Peterson explains in Eat this Book, "Reading is an immense gift,
but only if the words are assimilated, taken into the soul -- eaten,
chewed, gnawed, received in unhurried delight." Peterson
describes this ancient art of lectio divina, or spiritual reading, as
"reading that enters our souls as food enters our stomachs,
spreads through our blood, and becomes ... love and wisdom."

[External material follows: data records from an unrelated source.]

(* In the standing setup below, let $\mathcal F$ be a facet of $\mathcal S$ and $\delta,\epsilon>0$. Then there exists $N$ such that for every $i>N$ and every $y\in B_\delta\cap X_{\mathcal F,w_i}$, there is a unique point $z\in X^\circ_{\mathcal A,w_i}$ with $\pi_{\mathcal F}(z)=y$, and it satisfies $d(y,z)<\epsilon$.
   Context: Notation: $\mathcal A\subset\mathbb{R}^d$ finite, affinely spanning $\mathbb{R}^d$; $\Delta^{\mathcal A}=\{z\in\mathbb{R}^{\mathcal A}_{\ge0}\mid\sum z_{\mathbf a}=1\}$ with homogeneous coordinates and $\ell_1$ metric $d(y,z)=\sum_{\mathbf a}|y_{\mathbf a}-z_{\mathbf a}|$; $\Delta^{\mathcal F}$ the face where $z_{\mathbf a}=0$ for $\mathbf a\notin\mathcal F$. $\pi_{\mathcal F}$ maps $z$ with some $z_{\mathbf f}\neq0$, $\mathbf f\in\mathcal F$, to the point of $\Delta^{\mathcal F}$ obtained by setting coordinates outside $\mathcal F$ to $0$ and rescaling. For $w\in\mathbb{R}^{\mathcal A}_>$ and $\mathcal F\subset\mathcal A$, $X^\circ_{\mathcal F,w}=\{[w_{\mathbf f}x^{\mathbf f}\mid\mathbf f\in\mathcal F]\mid x\in\mathbb{R}^d_>\}\subset\Delta^{\mathcal F}$, $x^{\mathbf a}=\prod_j\exp(\mathbf a_j\log x_j)$, and $X_{\mathcal F,w}$ is its closure. $B_\delta=\{y\in\Delta^{\mathcal F}\mid y_{\mathbf f}\ge\delta\ \forall\mathbf f\in\mathcal F\}$. For $\lambda\in\mathbb{R}^{\mathcal A}$, $\mathcal S_\lambda$ is the regular subdivision whose faces are the sets $\{\mathbf a\mid(\mathbf a,\lambda(\mathbf a))\in F\}$, $F$ an upper face (outward normal with positive last coordinate) of $\mathrm{conv}\{(\mathbf a,\lambda(\mathbf a))\}$; facets are maximal faces (with $d$-dimensional convex hull). The secondary fan $\Sigma_{\mathcal A}$ consists of the closures of the sets $\{\lambda\mid\mathcal S_\lambda=\mathcal S\}$; $\mathcal S_\sigma$ is the subdivision of the cone $\sigma$. A sequence in a cone $\tau$ is $\sigma$-bounded if $\{\psi(v_i)\}$ is bounded for every linear $\psi$ vanishing on the face $\sigma$. Standing setup: $\{w_i\}\subset\mathbb{R}^{\mathcal A}_>$, $v_i=\mathrm{Log}(w_i)$; there is a cone $\tau\in\Sigma_{\mathcal A}$ containing all $v_i$ with only finitely many $v_i$ in any proper face of $\tau$; a face $\sigma$ of $\tau$ is the minimum face of boundedness (smallest face for which the sequence is bounded) of every subsequence of $\{v_i\}$; $v_i=u_i+\bar v_i$ with $u_i\in\sigma$, $\bar v_i\to v$; $w=\mathrm{Exp}(v)$; $\mathcal S=\mathcal S_\sigma$. *)

theory Defs
  imports "HOL-Analysis.Analysis"
begin

text \<open>The finite point configuration \<open>\<A> \<subseteq> \<real>^d\<close> is given as an injective
  map \<open>pts :: 'a \<Rightarrow> real^'d\<close> from a finite index type \<open>'a\<close>; thus \<open>\<real>^\<A>\<close> is \<open>real^'a\<close>
  and subsets \<open>\<F> \<subseteq> \<A>\<close> are sets of indices \<open>'a set\<close>.\<close>

definition simplex_face :: "'a::finite set \<Rightarrow> (real^'a) set" where
  "simplex_face F = {z. (\<forall>a. 0 \<le> z$a) \<and> (\<Sum>a\<in>UNIV. z$a) = 1 \<and> (\<forall>a. a \<notin> F \<longrightarrow> z$a = 0)}"

definition l1dist :: "real^'a::finite \<Rightarrow> real^'a \<Rightarrow> real" where
  "l1dist y z = (\<Sum>a\<in>UNIV. \<bar>y$a - z$a\<bar>)"

definition proj_face :: "'a::finite set \<Rightarrow> real^'a \<Rightarrow> real^'a" where
  "proj_face F z = (\<chi> a. if a \<in> F then z$a / (\<Sum>f\<in>F. z$f) else 0)"

definition monom :: "('a \<Rightarrow> real^'d::finite) \<Rightarrow> real^'d \<Rightarrow> 'a \<Rightarrow> real" where
  "monom pts x a = (\<Prod>j\<in>UNIV. exp ((pts a)$j * ln (x$j)))"

definition Xo :: "('a::finite \<Rightarrow> real^'d::finite) \<Rightarrow> 'a set \<Rightarrow> real^'a \<Rightarrow> (real^'a) set" where
  "Xo pts F w = {(\<chi> a. if a \<in> F then w$a * monom pts x a / (\<Sum>f\<in>F. w$f * monom pts x f) else 0)
                 | x. \<forall>j. 0 < x$j}"

definition Xcl :: "('a::finite \<Rightarrow> real^'d::finite) \<Rightarrow> 'a set \<Rightarrow> real^'a \<Rightarrow> (real^'a) set" where
  "Xcl pts F w = closure (Xo pts F w)"

definition Bdelta :: "'a::finite set \<Rightarrow> real \<Rightarrow> (real^'a) set" where
  "Bdelta F \<delta> = {y \<in> simplex_face F. \<forall>f\<in>F. \<delta> \<le> y$f}"

text \<open>Upper faces of the lifted polytope \<open>conv{(a,\<lambda>(a))}\<close>: the faces having an outward
  normal with positive last coordinate (faces of polytopes are exposed, so a face with
  outward normal n is the set of maximisers of n).\<close>
definition lifted_polytope :: "('a::finite \<Rightarrow> real^'d::finite) \<Rightarrow> real^'a \<Rightarrow> ((real^'d) \<times> real) set" where
  "lifted_polytope pts lam = convex hull ((\<lambda>a. (pts a, lam$a)) ` UNIV)"

definition upper_faces :: "('a::finite \<Rightarrow> real^'d::finite) \<Rightarrow> real^'a \<Rightarrow> ((real^'d) \<times> real) set set" where
  "upper_faces pts lam =
     {{p \<in> lifted_polytope pts lam. \<forall>q \<in> lifted_polytope pts lam. inner q n \<le> inner p n}
      | n. 0 < snd n}"

definition reg_subdiv :: "('a::finite \<Rightarrow> real^'d::finite) \<Rightarrow> real^'a \<Rightarrow> 'a set set" where
  "reg_subdiv pts lam = {{a. (pts a, lam$a) \<in> G} | G. G \<in> upper_faces pts lam}"

definition is_facet :: "('a::finite \<Rightarrow> real^'d::finite) \<Rightarrow> 'a set set \<Rightarrow> 'a set \<Rightarrow> bool" where
  "is_facet pts S F \<longleftrightarrow> F \<in> S \<and> (\<forall>G\<in>S. F \<subseteq> G \<longrightarrow> G = F)
      \<and> aff_dim (convex hull (pts ` F)) = int CARD('d)"

definition secondary_fan :: "('a::finite \<Rightarrow> real^'d::finite) \<Rightarrow> (real^'a) set set" where
  "secondary_fan pts = {closure {mu. reg_subdiv pts mu = reg_subdiv pts lam} | lam. True}"
definition isolated_point :: "'a::complete_lattice \<Rightarrow> bool" where
  "isolated_point p \<longleftrightarrow> is_point p \<and> (\<exists>a. {top, p} = open_sublocale a)"

end

theory Submission
  imports Defs
begin

text \<open>
  The inclusion \<open>B\<^sub>L \<subseteq> M\<^sub>L\<close> holds in every frame: \<open>a\<^sup>* \<or> a\<^sup>*\<^sup>*\<close> is dense, and
  \<open>c \<rightarrow> x = x\<close> whenever \<open>c\<close> is dense and \<open>x\<close> is regular.

  For the converse let \<open>x \<in> M\<^sub>L\<close>. A maximal pairwise disjoint family \<open>M\<close> of nonzero elements
  \<open>c\<close> with \<open>d c < \<delta>\<close> and \<open>c \<lhd>\<^sub>\<delta> x\<close> for some \<open>\<delta>\<close> is dense in \<open>x\<close>, and admissibility
  shows that \<open>x\<^sup>*\<^sup>* \<and> (\<Or>\<^sub>c s c)\<^sup>* \<le> x\<close> for every choice of nonzero \<open>s c \<le> c\<close>.
  Without isolated points no \<open>c\<close> is an atom, so each \<open>c \<in> M\<close> contains a nonzero \<open>f c\<close> with
  \<open>c \<and> (f c)\<^sup>* \<noteq> 0\<close>. Applying the bound to both choices \<open>f c\<close> and \<open>c \<and> (f c)\<^sup>*\<close> gives
  \<open>x\<^sup>*\<^sup>* \<and> (V\<^sup>* \<or> V\<^sup>*\<^sup>*) \<le> x\<close> for \<open>V = \<Or>\<^sub>c f c\<close>, and as \<open>x\<close> lies in the open sublocale
  of \<open>V\<^sup>* \<or> V\<^sup>*\<^sup>*\<close> this forces \<open>x\<^sup>*\<^sup>* \<le> x\<close>.
\<close>

definition atom :: "'a::complete_lattice \<Rightarrow> bool" where
  "atom c \<longleftrightarrow> c \<noteq> bot \<and> (\<forall>f. f \<le> c \<longrightarrow> f = bot \<or> f = c)"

More than the books themselves, it is the skills and the desire to
read in this way which comprise the essential gift we must give our
students and ourselves. But this won't happen by way of nature or by
accident.
Maryanne Wolf,
director of the Center for Reading and Language Research and author
of Proust and the Squid: The Story and Science of the Reading Brain,
has studied "deep reading" in the context of the science of
the brain. She describes the fragility of the brain's ability to read
with the kind of sustained attention that allows literature to wield
its shaping power over us:
The act of going
beyond the text to analyze, infer and think new thoughts is the
product of years of formation. It takes time, both in milliseconds
and years, and effort to learn to read with deep, expanding
comprehension and to execute all these processes as an adult expert
reader. ... Because we literally and physiologically can read in
multiple ways, how we read--and what we absorb from our reading --
will be influenced by both the content of our reading and the medium
we use.
The power of
"spiritual reading" is its ability to transcend the
immediacy of the material, the moment, or even the moral choice at
hand. This isn't the sort of phenomenon that lends itself to the
quantifiable data Currie seeks, although Paul demonstrates is
possible, to measure. Even so, such reading doesn't make us better so
much as it makes us human.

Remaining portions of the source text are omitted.